Delicious beef pasties made with savoury mince and light, golden puff pastry are a dinner the whole family will love.

Ingredients

  • Dough:
  • 2 1/2 cups all-purpose flour

  • 3/4 teaspoon salt

  • 1 cup unsalted butter chilled and diced

  • 5-7 tablespoons ice-cold water

  • Filling:
  • 3/4 pound raw beef steak I used sirloin, trimmed of fat and diced into 1/4-inch cubes

  • 1 cup carrot diced into 1/4-inch cubes (about 2 medium or 1 very large carrot)

  • 1 cup parsnip diced into 1/4-inch cubes (about 2 medium or 1 very large parsnip)
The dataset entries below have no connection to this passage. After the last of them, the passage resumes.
(* Let $(V,d,k,q)$ be an instance of the individually fair $k$-center with outliers problem (IF$k$CO) as defined in the context and let $l\ge 0$ be an integer. Then the refined algorithm (Algorithm 3) described in the context, run with parameter $l$, outputs a feasible solution $(S,O,\sigma)$ for this instance, i.e. $|S|\le k$ and $|O|\le q$.
   Context: IF$k$CO instance: a finite set $V$ with $|V|=n$, a metric $d$ on $V$ (nonnegative, symmetric, $d_{ii}=0$, triangle inequality), and integers $k\ge 1$ and $q\ge 0$. For $i\in V$, $NR_q(i)$ is the distance from $i$ to its $\lceil (n-q)/k\rceil$-th nearest neighbor in $V$, where $i$ counts as its own (first) nearest neighbor. A solution is $(S,O,\sigma)$ with $S,O\subseteq V$ and $\sigma:V\setminus O\to S$; feasible if $|S|\le k$, $|O|\le q$. For $\beta>0$, procedure $A(\beta)$: set $P:=V$, $S:=\emptyset$; while $P\ne\emptyset$ and $|S|<k$: pick $s\in P$ minimizing $NR_q(i)$ over $i\in P$, set $S:=S\cup\{s\}$, $P:=\{i\in P: d_{is}>\beta\, NR_q(i)\}$; finally set $O:=P$ and let $\sigma(i)$ be a nearest center in $S$ for each $i\in V\setminus O$. Algorithm 2 is $A(2)$. Algorithm 3 (input: instance and integer $l\ge0$): compute $(S,O,\sigma):=$ output of Algorithm 2; set $t:=0$, $\beta_1:=1$, $\beta_2:=2$, $\beta:=\beta_1$. While $t<l$: run $A(\beta)$ obtaining $(S_\beta,O_\beta,\sigma_\beta)$; if $|O_\beta|>q$, set $\beta_1:=\beta$; if $|O_\beta|\le q$, set $(S,O,\sigma):=(S_\beta,O_\beta,\sigma_\beta)$ and $\beta_2:=\beta$; in either case then set $\beta:=(\beta_1+\beta_2)/2$ and $t:=t+1$. Output $(S,O,\sigma)$. *)

theory Defs
  imports Complex_Main "HOL-Library.Multiset"
begin

definition ifkco_metric :: "'a set \<Rightarrow> ('a \<Rightarrow> 'a \<Rightarrow> real) \<Rightarrow> bool" where
  "ifkco_metric V d \<longleftrightarrow>
     (\<forall>i\<in>V. d i i = 0) \<and>
     (\<forall>i\<in>V. \<forall>j\<in>V. 0 \<le> d i j \<and> d i j = d j i) \<and>
     (\<forall>i\<in>V. \<forall>j\<in>V. \<forall>h\<in>V. d i h \<le> d i j + d j h)"

definition nr_rank :: "'a set \<Rightarrow> nat \<Rightarrow> nat \<Rightarrow> int" where
  "nr_rank V k q = \<lceil>(real (card V) - real q) / real k\<rceil>"

text \<open>NR_q(i): the m-th smallest element of the multiset of distances from i to the
  points of V (i itself contributes distance 0, its own first nearest neighbour).
  Convention: if m \<le> 0 (only possible when q \<ge> n), the 1st nearest neighbour is used.\<close>
definition NR :: "'a set \<Rightarrow> ('a \<Rightarrow> 'a \<Rightarrow> real) \<Rightarrow> nat \<Rightarrow> nat \<Rightarrow> 'a \<Rightarrow> real" where
  "NR V d k q i =
     sorted_list_of_multiset (image_mset (d i) (mset_set V)) ! (nat (nr_rank V k q) - 1)"

definition A_step :: "'a set \<Rightarrow> ('a \<Rightarrow> 'a \<Rightarrow> real) \<Rightarrow> nat \<Rightarrow> nat \<Rightarrow> real
      \<Rightarrow> 'a set \<times> 'a set \<Rightarrow> 'a set \<times> 'a set \<Rightarrow> bool" where
  "A_step V d k q \<beta> st st' \<longleftrightarrow>
     (let S = fst st; P = snd st in
       P \<noteq> {} \<and> card S < k \<and>
       (\<exists>s\<in>P. (\<forall>i\<in>P. NR V d k q s \<le> NR V d k q i) \<and>
              st' = (insert s S, {i\<in>P. d i s > \<beta> * NR V d k q i})))"

definition A_out :: "'a set \<Rightarrow> ('a \<Rightarrow> 'a \<Rightarrow> real) \<Rightarrow> nat \<Rightarrow> nat \<Rightarrow> real
      \<Rightarrow> 'a set \<times> 'a set \<times> ('a \<Rightarrow> 'a) \<Rightarrow> bool" where
  "A_out V d k q \<beta> sol \<longleftrightarrow>
     (case sol of (S, Out, \<sigma>) \<Rightarrow>
        (A_step V d k q \<beta>)\<^sup>*\<^sup>* ({}, V) (S, Out) \<and>
        \<not> (Out \<noteq> {} \<and> card S < k) \<and>
        (\<forall>i\<in>V - Out. \<sigma> i \<in> S \<and> (\<forall>s\<in>S. d i (\<sigma> i) \<le> d i s)))"

inductive alg3_state :: "'a set \<Rightarrow> ('a \<Rightarrow> 'a \<Rightarrow> real) \<Rightarrow> nat \<Rightarrow> nat \<Rightarrow> nat
      \<Rightarrow> nat \<Rightarrow> real \<Rightarrow> real \<Rightarrow> real \<Rightarrow> 'a set \<times> 'a set \<times> ('a \<Rightarrow> 'a) \<Rightarrow> bool"
  for V d k q l where
  init: "A_out V d k q 2 sol \<Longrightarrow> alg3_state V d k q l 0 1 2 1 sol"
| infeasible: "\<lbrakk>alg3_state V d k q l t b1 b2 b sol; t < l; A_out V d k q b (Sb, Ob, \<sigma>b);
      card Ob > q\<rbrakk> \<Longrightarrow> alg3_state V d k q l (Suc t) b b2 ((b + b2) / 2) sol"
| feasible: "\<lbrakk>alg3_state V d k q l t b1 b2 b sol; t < l; A_out V d k q b (Sb, Ob, \<sigma>b);
      card Ob \<le> q\<rbrakk> \<Longrightarrow> alg3_state V d k q l (Suc t) b1 b ((b1 + b) / 2) (Sb, Ob, \<sigma>b)"

definition alg3_out :: "'a set \<Rightarrow> ('a \<Rightarrow> 'a \<Rightarrow> real) \<Rightarrow> nat \<Rightarrow> nat \<Rightarrow> nat
      \<Rightarrow> 'a set \<times> 'a set \<times> ('a \<Rightarrow> 'a) \<Rightarrow> bool" where
  "alg3_out V d k q l sol \<longleftrightarrow> (\<exists>b1 b2 b. alg3_state V d k q l l b1 b2 b sol)"

end

theory Submission
  imports Defs "HOL-Library.Disjoint_Sets"
begin

text \<open>Algorithm 3 only ever replaces its current solution by an output of some A(beta) with at
  most q outliers, and every run of A(beta) opens at most k centres; so it suffices that the
  initial solution, the output of A(2), has at most q outliers. Let m = ceiling((n - q)/k).
  The balls B(s, NR_q(s)) around the centres s chosen by A(2) contain at least m points each,
  are pairwise disjoint, and avoid all remaining points, because every centre has the smallest
  NR_q among the remaining points and only points at distance more than 2 NR_q are kept. If
  outliers remain, all k centres were opened, so at least k m >= n - q points are not outliers.\<close>

definition nr_ball :: "'a set \<Rightarrow> ('a \<Rightarrow> 'a \<Rightarrow> real) \<Rightarrow> nat \<Rightarrow> nat \<Rightarrow> 'a \<Rightarrow> 'a set" where
  "nr_ball V d k q s = {j \<in> V. d s j \<le> NR V d k q s}"

definition feasible :: "nat \<Rightarrow> nat \<Rightarrow> 'a set \<times> 'a set \<times> ('a \<Rightarrow> 'a) \<Rightarrow> bool" where
  "feasible k q sol \<longleftrightarrow> card (fst sol) \<le> k \<and> card (fst (snd sol)) \<le> q"

lemma feasible_iff [simp]: "feasible k q (S, Out, \<sigma>) \<longleftrightarrow> card S \<le> k \<and> card Out \<le> q"
  by (simp add: feasible_def)

lemma nr_rank_le_card: "nr_rank V k q \<le> int (card V)"
proof (cases "k = 0")
  case False
  then have "(real (card V) - real q) / real k \<le> real (card V) / real k"
    by (simp add: divide_right_mono)
  also have "\<dots> \<le> real (card V)"
    using False mult_left_mono[of 1 "real k" "real (card V)"] by (simp add: divide_le_eq)
  finally show ?thesis
    unfolding nr_rank_def by (simp add: ceiling_le_iff)
qed (simp add: nr_rank_def)

lemma card_le_add_mult_nr_rank:
  assumes "k \<ge> 1"
  shows "card V \<le> q + k * nat (nr_rank V k q)"
proof -
  have "(real (card V) - real q) / real k \<le> real_of_int (nr_rank V k q)"
    unfolding nr_rank_def by (rule le_of_int_ceiling)
  then have "real (card V) - real q \<le> real k * real_of_int (nr_rank V k q)"
    using assms by (simp add: divide_le_eq mult.commute)
  also have "\<dots> \<le> real k * real (nat (nr_rank V k q))"
    by (intro mult_left_mono) linarith+
  finally have "real (card V) - real q \<le> real k * real (nat (nr_rank V k q))" .
  then show ?thesis
    by (simp flip: of_nat_add of_nat_mult)
qed

lemma finite_nr_ball: "finite V \<Longrightarrow> finite (nr_ball V d k q s)"
  by (simp add: nr_ball_def)

lemma sorted_le_nth_count:
  assumes "sorted xs" "i < length xs"
  shows "Suc i \<le> length (filter (\<lambda>x. x \<le> xs ! i) xs)"
proof -
  have "{0..i} \<subseteq> {j. j < length xs \<and> xs ! j \<le> xs ! i}"
    using assms by (auto intro: sorted_nth_mono)
  then have "card {0..i} \<le> card {j. j < length xs \<and> xs ! j \<le> xs ! i}"
    by (intro card_mono) auto
  then show ?thesis
    by (simp add: length_filter_conv_card)
qed

lemma nr_rank_le_card_nr_ball:
  assumes "finite V"
  shows "nat (nr_rank V k q) \<le> card (nr_ball V d k q s)"
proof (cases "nr_rank V k q \<le> 0")
  case False
  define xs where "xs = sorted_list_of_multiset (image_mset (d s) (mset_set V))"
  define m where "m = nat (nr_rank V k q)"
  have len: "length xs = card V"
    unfolding xs_def by (metis mset_sorted_list_of_multiset size_image_mset size_mset size_mset_set)
  have "m - 1 < length xs" "Suc (m - 1) = m"
    using False nr_rank_le_card[of V k q] len by (auto simp: m_def)
  then have "m \<le> length (filter (\<lambda>x. x \<le> xs ! (m - 1)) xs)"
    using sorted_le_nth_count[of xs "m - 1"] by (simp add: xs_def)
  also have "\<dots> = size (filter_mset (\<lambda>x. x \<le> xs ! (m - 1)) (image_mset (d s) (mset_set V)))"
    unfolding xs_def by (metis mset_filter mset_sorted_list_of_multiset size_mset)
  also have "\<dots> = card (nr_ball V d k q s)"
    using assms by (simp add: nr_ball_def NR_def xs_def m_def filter_mset_image_mset)
  finally show ?thesis
    by (simp add: m_def)
qed simp

lemma A_step_reachable_bounds:
  assumes "(A_step V d k q \<beta>)\<^sup>*\<^sup>* ({}, V) (S, P)"
  shows "P \<subseteq> V \<and> S \<subseteq> V \<and> finite S \<and> card S \<le> k"
  using assms
proof (induction rule: rtranclp_induct2)
  case (step S P S' P')
  then show ?case
    unfolding A_step_def Let_def by (auto simp: card_insert_if)
qed simp

lemma A_out_card_centres_le:
  assumes "A_out V d k q \<beta> (S, Out, \<sigma>)"
  shows "card S \<le> k"
  using assms A_step_reachable_bounds unfolding A_out_def by fastforce

definition separated_centres :: "'a set \<Rightarrow> ('a \<Rightarrow> 'a \<Rightarrow> real) \<Rightarrow> nat \<Rightarrow> nat
    \<Rightarrow> 'a set \<Rightarrow> 'a set \<Rightarrow> bool" where
  "separated_centres V d k q S P \<longleftrightarrow>
     (\<forall>s\<in>S. \<forall>i\<in>P. NR V d k q s \<le> NR V d k q i \<and> 2 * NR V d k q i < d i s) \<and>
     (\<forall>s\<in>S. nr_ball V d k q s \<inter> P = {}) \<and>
     disjoint_family_on (nr_ball V d k q) S"

lemma A_step_2_separated_centres:
  assumes met: "ifkco_metric V d" and PV: "P \<subseteq> V" and SV: "S \<subseteq> V"
    and step: "A_step V d k q 2 (S, P) (S', P')"
    and inv: "separated_centres V d k q S P"
  shows "separated_centres V d k q S' P'"
proof -
  let ?NR = "NR V d k q" and ?B = "nr_ball V d k q"
  obtain s where sP: "s \<in> P" and s_min: "\<forall>i\<in>P. ?NR s \<le> ?NR i"
    and S': "S' = insert s S" and P': "P' = {i \<in> P. 2 * ?NR i < d i s}"
    using step unfolding A_step_def Let_def by auto
  have sV: "s \<in> V"
    using sP PV by blast
  have sym: "d i j = d j i" and nonneg: "0 \<le> d i j" if "i \<in> V" "j \<in> V" for i j
    using met that unfolding ifkco_metric_def by auto
  have tri: "d i h \<le> d i j + d j h" if "i \<in> V" "j \<in> V" "h \<in> V" for i j h
    using met that unfolding ifkco_metric_def by auto
  have ball_s_avoids_P': "?B s \<inter> P' = {}"
  proof (intro equals0I)
    fix j assume "j \<in> ?B s \<inter> P'"
    then have "j \<in> V" "d s j \<le> ?NR s" "?NR s \<le> ?NR j" "2 * ?NR j < d j s"
      using s_min P' by (auto simp: nr_ball_def)
    then show False
      using sym[OF sV] nonneg[OF sV] by fastforce
  qed
  have ball_s_avoids_old: "?B s \<inter> ?B t = {}" if "t \<in> S" for t
  proof (intro equals0I)
    fix j assume "j \<in> ?B s \<inter> ?B t"
    then have "j \<in> V" "t \<in> V" "d s j \<le> ?NR s" "d t j \<le> ?NR t"
      using SV that by (auto simp: nr_ball_def)
    moreover have "?NR t \<le> ?NR s" "2 * ?NR s < d s t"
      using inv that sP unfolding separated_centres_def by auto
    ultimately show False
      using tri[OF sV, of j t] sym[of j t] by linarith
  qed
  have "P' \<subseteq> P"
    using P' by blast
  then show ?thesis
    using inv s_min ball_s_avoids_P' ball_s_avoids_old P'
    unfolding separated_centres_def S' disjoint_family_on_def by (auto simp: Int_commute)
qed

lemma A_step_2_reachable_separated_centres:
  assumes "ifkco_metric V d" and "(A_step V d k q 2)\<^sup>*\<^sup>* ({}, V) (S, P)"
  shows "separated_centres V d k q S P"
  using assms(2)
proof (induction rule: rtranclp_induct2)
  case refl
  then show ?case
    by (simp add: separated_centres_def disjoint_family_on_def)
next
  case (step S P S' P')
  then show ?case
    using A_step_reachable_bounds[OF step.hyps(1)]
    by (intro A_step_2_separated_centres[OF assms(1) _ _ step.hyps(2) step.IH]) auto
qed

lemma card_outliers_le_if_disjoint_nr_balls:
  assumes "finite V" "k \<ge> 1" "Out \<subseteq> V" "finite S" "card S = k"
    and "disjoint_family_on (nr_ball V d k q) S"
    and "\<forall>s\<in>S. nr_ball V d k q s \<inter> Out = {}"
  shows "card Out \<le> q"
proof -
  define m where "m = nat (nr_rank V k q)"
  have "k * m \<le> (\<Sum>s\<in>S. card (nr_ball V d k q s))"
    using sum_bounded_below[of S m] nr_rank_le_card_nr_ball[OF assms(1)] assms(5)
    by (simp add: m_def mult.commute)
  also have "\<dots> = card (\<Union>s\<in>S. nr_ball V d k q s)"
    using assms(1,4,6) finite_nr_ball by (intro card_UN_disjoint' [symmetric]) auto
  also have "\<dots> \<le> card (V - Out)"
    using assms(1,7) by (intro card_mono) (auto simp: nr_ball_def)
  also have "\<dots> = card V - card Out"
    using assms(1,3) by (meson card_Diff_subset finite_subset)
  finally show ?thesis
    using card_le_add_mult_nr_rank[OF assms(2), of V q] card_mono[OF assms(1,3)]
    by (simp add: m_def)
qed

lemma A_out_2_feasible:
  assumes "finite V" "ifkco_metric V d" "k \<ge> 1" "A_out V d k q 2 (S, Out, \<sigma>)"
  shows "feasible k q (S, Out, \<sigma>)"
proof -
  have run: "(A_step V d k q 2)\<^sup>*\<^sup>* ({}, V) (S, Out)" and stop: "Out = {} \<or> k \<le> card S"
    using assms(4) unfolding A_out_def by auto
  have "Out \<subseteq> V" "finite S" "card S \<le> k"
    using A_step_reachable_bounds[OF run] by auto
  moreover have "card Out \<le> q"
    using A_step_2_reachable_separated_centres[OF assms(2) run] stop
      card_outliers_le_if_disjoint_nr_balls[OF assms(1,3)] calculation
    unfolding separated_centres_def by (cases "Out = {}") auto
  ultimately show ?thesis
    by simp
qed

lemma alg3_state_feasible:
  assumes "finite V" "ifkco_metric V d" "k \<ge> 1"
    and "alg3_state V d k q l t \<beta>\<^sub>1 \<beta>\<^sub>2 \<beta> sol"
  shows "feasible k q sol"
  using assms(4)
proof (induction rule: alg3_state.induct)
  case (init sol)
  then show ?case
    using A_out_2_feasible[OF assms(1-3)] by (cases sol) auto
next
  case (feasible t b1 b2 b sol Sb Ob \<sigma>b)
  then show ?case
    using A_out_card_centres_le by auto
qed

theorem lemma5:
  fixes V :: "'a set" and d :: "'a \<Rightarrow> 'a \<Rightarrow> real" and k q l :: nat
    and S Out :: "'a set" and \<sigma> :: "'a \<Rightarrow> 'a"
  assumes "finite V"
    and "ifkco_metric V d"
    and "k \<ge> 1"
    and "alg3_out V d k q l (S, Out, \<sigma>)"
  shows "card S \<le> k \<and> card Out \<le> q"
proof -
  obtain \<beta>\<^sub>1 \<beta>\<^sub>2 \<beta> where "alg3_state V d k q l l \<beta>\<^sub>1 \<beta>\<^sub>2 \<beta> (S, Out, \<sigma>)"
    using assms(4) unfolding alg3_out_def by blast
  then show ?thesis
    using alg3_state_feasible[OF assms(1-3)] by fastforce
qed

end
  • 1 small onion diced small

  • 1 tablespoon minced fresh rosemary

  • 1 tablespoon minced fresh thyme

  • 1 teaspoon salt

  • 1/4 teaspoon ground black pepper

  • Other:
  • 1 egg beaten with 1 tablespoon water (for eggwash)

Directions

  • Dough:
  • Pulse together the flour and salt in a food processor. Add the butter and pulse until it looks like coarse meal (the pieces of butter should be about the size of small peas). (Alternatively, this can be done by hand; whisk the flour and salt together in a large bowl, then cut in the butter with a pastry cutter or a fork until it looks like coarse meal.)
  • Transfer the dough from the food processor to a large bowl. Add 1 tablespoon water at a time, working the dough together with your fingertips just until it comes together, and only adding enough water so the dough comes together when you squeeze it.
  • Divide the dough into 8 equal pieces and place them in a large bowl, cover with plastic wrap, and refrigerate until chilled, about 30 minutes.
  • Filling:
  • While the pastry dough chills, stir together all filling ingredients in a large bowl; set aside.
  • To Assemble the Pasties:
  • Preheat the oven to 400F. Line 2 large baking sheets with parchment paper or silpat liners.
  • Working with 1 ball of dough at a time, roll it out on a floured surface to a circle about 8 inches in diameter. Use a plate as a guide to trim the edges so you have a perfect circle.
  • Spoon about 1/2 cup of filling into the center of the dough; lightly brush the edge of the dough with eggwash. Fold both sides of dough up over the filling and crimp the edges together in the center of to form a tight seal.
  • Continue this way until 8 pasties are assembled, then if there is filling leftover, re-roll the dough scraps and continue making pasties until you run out of filling or dough (I usually get 9 pasties out of this recipe).
  • Arrange the pasties onto the prepared baking sheets and lightly brush each with eggwash.
  • To Bake the Pasties:
  • Bake at 400F for 15 minutes, rotating the trays once halfway through.
  • Reduce the heat to 350F and bake until the crusts are golden brown, about 30 minutes more, rotating the trays once halfway through.
  • Serve warm or at room temperature.